### Task item:
Every record below, from first to last: print it exactly as shown.

'''

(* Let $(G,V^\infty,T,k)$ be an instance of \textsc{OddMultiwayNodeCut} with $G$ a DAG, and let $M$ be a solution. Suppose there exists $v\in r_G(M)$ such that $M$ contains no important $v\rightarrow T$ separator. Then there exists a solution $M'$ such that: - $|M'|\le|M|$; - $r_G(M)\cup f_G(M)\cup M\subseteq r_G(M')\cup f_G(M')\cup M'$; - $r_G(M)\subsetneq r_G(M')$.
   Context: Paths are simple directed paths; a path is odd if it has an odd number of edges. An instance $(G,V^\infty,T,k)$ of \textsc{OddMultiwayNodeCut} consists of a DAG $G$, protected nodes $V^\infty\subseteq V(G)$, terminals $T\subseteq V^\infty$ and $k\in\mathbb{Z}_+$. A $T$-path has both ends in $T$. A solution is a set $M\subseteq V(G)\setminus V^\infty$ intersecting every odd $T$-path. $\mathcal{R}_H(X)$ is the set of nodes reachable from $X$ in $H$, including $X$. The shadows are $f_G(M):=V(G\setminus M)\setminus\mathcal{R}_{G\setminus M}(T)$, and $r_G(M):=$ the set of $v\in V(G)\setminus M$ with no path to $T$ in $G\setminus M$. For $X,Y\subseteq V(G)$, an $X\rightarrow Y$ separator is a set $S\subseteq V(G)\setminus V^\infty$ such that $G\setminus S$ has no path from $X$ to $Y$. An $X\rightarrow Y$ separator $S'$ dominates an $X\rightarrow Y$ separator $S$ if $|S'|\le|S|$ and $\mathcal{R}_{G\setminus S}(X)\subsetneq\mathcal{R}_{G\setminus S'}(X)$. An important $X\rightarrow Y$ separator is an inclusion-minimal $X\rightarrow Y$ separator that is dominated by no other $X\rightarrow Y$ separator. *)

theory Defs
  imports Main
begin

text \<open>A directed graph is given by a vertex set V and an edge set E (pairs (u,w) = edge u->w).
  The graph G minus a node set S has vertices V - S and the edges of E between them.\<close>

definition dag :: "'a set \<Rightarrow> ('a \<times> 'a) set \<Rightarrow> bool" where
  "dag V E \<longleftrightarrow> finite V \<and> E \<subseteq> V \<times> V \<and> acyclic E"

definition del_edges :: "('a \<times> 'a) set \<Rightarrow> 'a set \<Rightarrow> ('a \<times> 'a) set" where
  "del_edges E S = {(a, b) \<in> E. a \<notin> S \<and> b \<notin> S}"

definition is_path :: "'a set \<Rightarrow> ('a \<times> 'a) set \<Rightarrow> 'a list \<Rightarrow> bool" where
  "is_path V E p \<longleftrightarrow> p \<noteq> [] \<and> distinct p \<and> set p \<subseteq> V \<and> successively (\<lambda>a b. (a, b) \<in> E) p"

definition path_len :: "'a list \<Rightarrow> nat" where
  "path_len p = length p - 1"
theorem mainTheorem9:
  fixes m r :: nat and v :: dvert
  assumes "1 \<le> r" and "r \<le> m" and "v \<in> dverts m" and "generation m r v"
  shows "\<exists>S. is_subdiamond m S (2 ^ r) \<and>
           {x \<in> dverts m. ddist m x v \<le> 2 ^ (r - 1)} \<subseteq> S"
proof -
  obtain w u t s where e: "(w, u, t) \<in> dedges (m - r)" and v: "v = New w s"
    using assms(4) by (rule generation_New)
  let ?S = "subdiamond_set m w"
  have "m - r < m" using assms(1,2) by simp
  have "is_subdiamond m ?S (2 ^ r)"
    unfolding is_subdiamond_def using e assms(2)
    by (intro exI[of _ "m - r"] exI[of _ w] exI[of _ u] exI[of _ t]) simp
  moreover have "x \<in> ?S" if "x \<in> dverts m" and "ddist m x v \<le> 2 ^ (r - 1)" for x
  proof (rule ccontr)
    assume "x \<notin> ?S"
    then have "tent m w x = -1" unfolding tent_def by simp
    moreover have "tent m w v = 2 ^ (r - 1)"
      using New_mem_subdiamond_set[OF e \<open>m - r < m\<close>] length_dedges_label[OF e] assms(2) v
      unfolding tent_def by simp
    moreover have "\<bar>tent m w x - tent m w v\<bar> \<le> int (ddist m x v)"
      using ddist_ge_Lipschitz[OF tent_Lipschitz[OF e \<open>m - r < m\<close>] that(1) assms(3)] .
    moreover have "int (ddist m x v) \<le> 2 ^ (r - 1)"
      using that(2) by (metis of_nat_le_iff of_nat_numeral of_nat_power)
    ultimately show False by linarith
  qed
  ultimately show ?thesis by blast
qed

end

'''

### Answer for the task:
(* Let $(G,V^\infty,T,k)$ be an instance of \textsc{OddMultiwayNodeCut} with $G$ a DAG, and let $M$ be a solution. Suppose there exists $v\in r_G(M)$ such that $M$ contains no important $v\rightarrow T$ separator. Then there exists a solution $M'$ such that: - $|M'|\le|M|$; - $r_G(M)\cup f_G(M)\cup M\subseteq r_G(M')\cup f_G(M')\cup M'$; - $r_G(M)\subsetneq r_G(M')$.
   Context: Paths are simple directed paths; a path is odd if it has an odd number of edges. An instance $(G,V^\infty,T,k)$ of \textsc{OddMultiwayNodeCut} consists of a DAG $G$, protected nodes $V^\infty\subseteq V(G)$, terminals $T\subseteq V^\infty$ and $k\in\mathbb{Z}_+$. A $T$-path has both ends in $T$. A solution is a set $M\subseteq V(G)\setminus V^\infty$ intersecting every odd $T$-path. $\mathcal{R}_H(X)$ is the set of nodes reachable from $X$ in $H$, including $X$. The shadows are $f_G(M):=V(G\setminus M)\setminus\mathcal{R}_{G\setminus M}(T)$, and $r_G(M):=$ the set of $v\in V(G)\setminus M$ with no path to $T$ in $G\setminus M$. For $X,Y\subseteq V(G)$, an $X\rightarrow Y$ separator is a set $S\subseteq V(G)\setminus V^\infty$ such that $G\setminus S$ has no path from $X$ to $Y$. An $X\rightarrow Y$ separator $S'$ dominates an $X\rightarrow Y$ separator $S$ if $|S'|\le|S|$ and $\mathcal{R}_{G\setminus S}(X)\subsetneq\mathcal{R}_{G\setminus S'}(X)$. An important $X\rightarrow Y$ separator is an inclusion-minimal $X\rightarrow Y$ separator that is dominated by no other $X\rightarrow Y$ separator. *)

theory Defs
  imports Main
begin

text \<open>A directed graph is given by a vertex set V and an edge set E (pairs (u,w) = edge u->w).
  The graph G minus a node set S has vertices V - S and the edges of E between them.\<close>

definition dag :: "'a set \<Rightarrow> ('a \<times> 'a) set \<Rightarrow> bool" where
  "dag V E \<longleftrightarrow> finite V \<and> E \<subseteq> V \<times> V \<and> acyclic E"

definition del_edges :: "('a \<times> 'a) set \<Rightarrow> 'a set \<Rightarrow> ('a \<times> 'a) set" where
  "del_edges E S = {(a, b) \<in> E. a \<notin> S \<and> b \<notin> S}"

definition is_path :: "'a set \<Rightarrow> ('a \<times> 'a) set \<Rightarrow> 'a list \<Rightarrow> bool" where
  "is_path V E p \<longleftrightarrow> p \<noteq> [] \<and> distinct p \<and> set p \<subseteq> V \<and> successively (\<lambda>a b. (a, b) \<in> E) p"

definition path_len :: "'a list \<Rightarrow> nat" where
  "path_len p = length p - 1"
theorem mainTheorem9:
  fixes m r :: nat and v :: dvert
  assumes "1 \<le> r" and "r \<le> m" and "v \<in> dverts m" and "generation m r v"
  shows "\<exists>S. is_subdiamond m S (2 ^ r) \<and>
           {x \<in> dverts m. ddist m x v \<le> 2 ^ (r - 1)} \<subseteq> S"
proof -
  obtain w u t s where e: "(w, u, t) \<in> dedges (m - r)" and v: "v = New w s"
    using assms(4) by (rule generation_New)
  let ?S = "subdiamond_set m w"
  have "m - r < m" using assms(1,2) by simp
  have "is_subdiamond m ?S (2 ^ r)"
    unfolding is_subdiamond_def using e assms(2)
    by (intro exI[of _ "m - r"] exI[of _ w] exI[of _ u] exI[of _ t]) simp
  moreover have "x \<in> ?S" if "x \<in> dverts m" and "ddist m x v \<le> 2 ^ (r - 1)" for x
  proof (rule ccontr)
    assume "x \<notin> ?S"
    then have "tent m w x = -1" unfolding tent_def by simp
    moreover have "tent m w v = 2 ^ (r - 1)"
      using New_mem_subdiamond_set[OF e \<open>m - r < m\<close>] length_dedges_label[OF e] assms(2) v
      unfolding tent_def by simp
    moreover have "\<bar>tent m w x - tent m w v\<bar> \<le> int (ddist m x v)"
      using ddist_ge_Lipschitz[OF tent_Lipschitz[OF e \<open>m - r < m\<close>] that(1) assms(3)] .
    moreover have "int (ddist m x v) \<le> 2 ^ (r - 1)"
      using that(2) by (metis of_nat_le_iff of_nat_numeral of_nat_power)
    ultimately show False by linarith
  qed
  ultimately show ?thesis by blast
qed

end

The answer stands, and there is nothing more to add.